Présentation de la chaire
Fernand Braudel est élu le 1er avril 1950 en tant que titulaire de la chaire Histoire de la civilisation moderne grâce à l’activité de l’historien Augustin Renaudet et du linguiste Marcel Bataillon. Le titulaire de cette chaire, selon ce dernier lorsqu’il défend simultanément le maintien de la chaire et la candidature de Braudel, devra s’attacher à décrire l’ « intrahistoire des hommes silencieux » et en effet, lors de sa leçon inaugurale prononcée le 1er décembre 1950, Braudel envisage de porter ses travaux sur trois axes : d’abord la responsabilité « redoutable mais exaltante » de l’historien qui doit se mêler à la vie contemporaine ; ensuite la poursuite d’une « grande histoire » qui intègre le destin des hommes singuliers ; enfin l’hommage à son maître Lucien Febvre à travers la reprise de quelques-unes de ses idées chères, notamment contre l’histoire événementielle réduite aux « grands hommes ».
Si Braudel souligne l’enrichissement apporté par les perspectives englobantes des rythmes économiques, des tensions sociales ou des conflits de races, il se méfie aussi des simplifications abusives et soutient que les hommes font l’histoire au même titre que l’histoire façonne le destin des hommes. C’est là qu’intervient un des déterminants de la vision de l’histoire selon lui, il s’agit de la différenciation des temporalités entre le temps des hommes et le temps des sociétés, ce dernier étant même doté de « mille vitesses, mille lenteurs ». Braudel développe alors l’idée de la « civilisation » dont l’histoire est lente et profonde et dont la définition est d’autant plus nécessaire que le monde traverse au XXe siècle une période de catastrophes et de destruction de symboles.
Braudel s’emploie alors, dans ses cours au Collège de France entre 1950 et 1972, à défricher la nouvelle histoire qui correspond à l’irruption des temps nouveaux en rassemblant une documentation économique, sociale et technique souvent inédite.

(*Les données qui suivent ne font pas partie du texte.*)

lemma square_sum_le_card_mult_sum_squares:
  fixes f :: "'a \<Rightarrow> real"
  shows "(\<Sum>a\<in>A. f a)\<^sup>2 \<le> card A * (\<Sum>a\<in>A. (f a)\<^sup>2)"
proof -
  have "0 \<le> (\<Sum>a\<in>A. \<Sum>b\<in>A. (f a - f b)\<^sup>2)"
    by (intro sum_nonneg) simp
  then show ?thesis
    unfolding sum_sum_diff_squared by simp
qed

lemma square_sum_eq_card_mult_sum_squares_iff:
  fixes f :: "'a \<Rightarrow> real"
  assumes "finite A"
  shows "(\<Sum>a\<in>A. f a)\<^sup>2 = card A * (\<Sum>a\<in>A. (f a)\<^sup>2) \<longleftrightarrow> (\<forall>a\<in>A. \<forall>b\<in>A. f a = f b)"
proof -
  have "(\<Sum>a\<in>A. f a)\<^sup>2 = card A * (\<Sum>a\<in>A. (f a)\<^sup>2) \<longleftrightarrow>
        (\<Sum>a\<in>A. \<Sum>b\<in>A. (f a - f b)\<^sup>2) = 0"
    unfolding sum_sum_diff_squared by auto
  also have "\<dots> \<longleftrightarrow> (\<forall>a\<in>A. \<forall>b\<in>A. f a = f b)"
    using assms by (simp add: sum_nonneg_eq_0_iff sum_nonneg)
  finally show ?thesis .
qed

lemma sum_card_related_squared:
  assumes "finite A" "finite B"
  shows "(\<Sum>a\<in>A. card {b\<in>B. R a b} ^ 2) = (\<Sum>b\<in>B. \<Sum>c\<in>B. card {a\<in>A. R a b \<and> R a c})"
proof -
  have "card {b\<in>B. R a b} ^ 2 = (\<Sum>b\<in>B. \<Sum>c\<in>B. of_bool (R a b \<and> R a c))" for a
  proof -
    have "card {b\<in>B. R a b} = (\<Sum>b\<in>B. of_bool (R a b))"
      using assms(2) by (simp add: Int_def)
    then show ?thesis
      by (simp add: power2_eq_square sum_product of_bool_conj)
  qed
  then have "(\<Sum>a\<in>A. card {b\<in>B. R a b} ^ 2) = (\<Sum>a\<in>A. \<Sum>b\<in>B. \<Sum>c\<in>B. of_bool (R a b \<and> R a c))"
    by simp
  also have "\<dots> = (\<Sum>b\<in>B. \<Sum>c\<in>B. \<Sum>a\<in>A. of_bool (R a b \<and> R a c))"
    by (simp add: sum.swap[of _ A])
  also have "\<dots> = (\<Sum>b\<in>B. \<Sum>c\<in>B. card {a\<in>A. R a b \<and> R a c})"
    using assms by (simp add: Int_def)
  finally show ?thesis .
qed

lemma sum_mono_eq_iff:
  fixes f g :: "'a \<Rightarrow> 'b::ordered_cancel_comm_monoid_add"
  assumes "finite A" and "\<And>a. a \<in> A \<Longrightarrow> f a \<le> g a"
  shows "sum f A = sum g A \<longleftrightarrow> (\<forall>a\<in>A. f a = g a)"
  using sum_mono_inv[of f A g] assms by (auto intro: sum.cong)

lemma sum_off_diagonal_le:
  fixes f :: "'a \<Rightarrow> 'a \<Rightarrow> nat"
  assumes "finite A" and le: "\<And>a b. a \<in> A \<Longrightarrow> b \<in> A \<Longrightarrow> a \<noteq> b \<Longrightarrow> f a b \<le> m"
  shows "(\<Sum>a\<in>A. \<Sum>b\<in>A-{a}. f a b) \<le> card A * (card A - 1) * m"
    and "(\<Sum>a\<in>A. \<Sum>b\<in>A-{a}. f a b) = card A * (card A - 1) * m \<longleftrightarrow>
         (\<forall>a\<in>A. \<forall>b\<in>A. a \<noteq> b \<longrightarrow> f a b = m)"
proof -
  have full: "card A * (card A - 1) * m = (\<Sum>a\<in>A. \<Sum>b\<in>A-{a}. m)"
    using assms(1) by (simp add: card_Diff_singleton)
  have inner_le: "(\<Sum>b\<in>A-{a}. f a b) \<le> (\<Sum>b\<in>A-{a}. m)" if "a \<in> A" for a
    using le that by (intro sum_mono) auto
  show "(\<Sum>a\<in>A. \<Sum>b\<in>A-{a}. f a b) \<le> card A * (card A - 1) * m"
    unfolding full using inner_le by (rule sum_mono)
  have inner_eq: "(\<Sum>b\<in>A-{a}. f a b) = (\<Sum>b\<in>A-{a}. m) \<longleftrightarrow> (\<forall>b\<in>A-{a}. f a b = m)"
    if "a \<in> A" for a
    using le that assms(1) by (intro sum_mono_eq_iff) auto
  have "(\<Sum>a\<in>A. \<Sum>b\<in>A-{a}. f a b) = (\<Sum>a\<in>A. \<Sum>b\<in>A-{a}. m) \<longleftrightarrow>
        (\<forall>a\<in>A. (\<Sum>b\<in>A-{a}. f a b) = (\<Sum>b\<in>A-{a}. m))"
    by (rule sum_mono_eq_iff[OF assms(1) inner_le])
  also have "\<dots> \<longleftrightarrow> (\<forall>a\<in>A. \<forall>b\<in>A-{a}. f a b = m)"
    using inner_eq by (rule ball_cong[OF refl])
  also have "\<dots> \<longleftrightarrow> (\<forall>a\<in>A. \<forall>b\<in>A. a \<noteq> b \<longrightarrow> f a b = m)"
    by auto
  finally show "(\<Sum>a\<in>A. \<Sum>b\<in>A-{a}. f a b) = card A * (card A - 1) * m \<longleftrightarrow>
         (\<forall>a\<in>A. \<forall>b\<in>A. a \<noteq> b \<longrightarrow> f a b = m)"
    unfolding full .
qed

Il participe d’ailleurs activement à la création, en remplacement d’une chaire de « Littérature latine du Moyen Âge », d’une chaire intitulée « Analyse des faits économiques et sociaux » dont l’objectif est d’utiliser les méthodes de l’histoire, de la géographie et de l’analyse en établissant des échanges permanents entre ces divers points de vue (novembre 1954).
Braudel donne deux cours par semaine, les mercredis et vendredis (ou samedis) matin, et aborde des thématiques transversales : « destins européens » (1952-1953), « Le capitalisme moderne avant le XVIe siècle » (1954-1955), « Venise à la fin du XVe siècle et au début du XVIe siècle » (1956-1958), « Histoire de la vie matérielle du XIVe au XVIIIe siècle » (1959-1961), « Pour une histoire économique et sociale de la France au XVIe siècle » (1962-1966) ou encore « Le monde de 1550 à 1650 » (1967-1970) avant d’achever ses cours sur « Les grandes lignes de l’histoire de France » (1970-1972). Nul étonnement, en raison de l’ampleur des sujets, du caractère inédit des documents et de la brièveté des temps impartis que beaucoup de cours n’aient pu être menés à leur terme. Braudel essaie surtout de rassembler la documentation et de définir des lignes directrices en étudiant successivement des points de rencontre significatifs et en questionnant les disciplines. Les deux dernières années sont ainsi l’occasion de passer l’histoire de France au crible des nouvelles méthodes et des nouvelles problématiques du métier d’historien (géographie, langue, biologie, civilisation populaire, économie, politique).
Notice rédigée par Marc Verdure (Collège de France – Institut des Civilisations).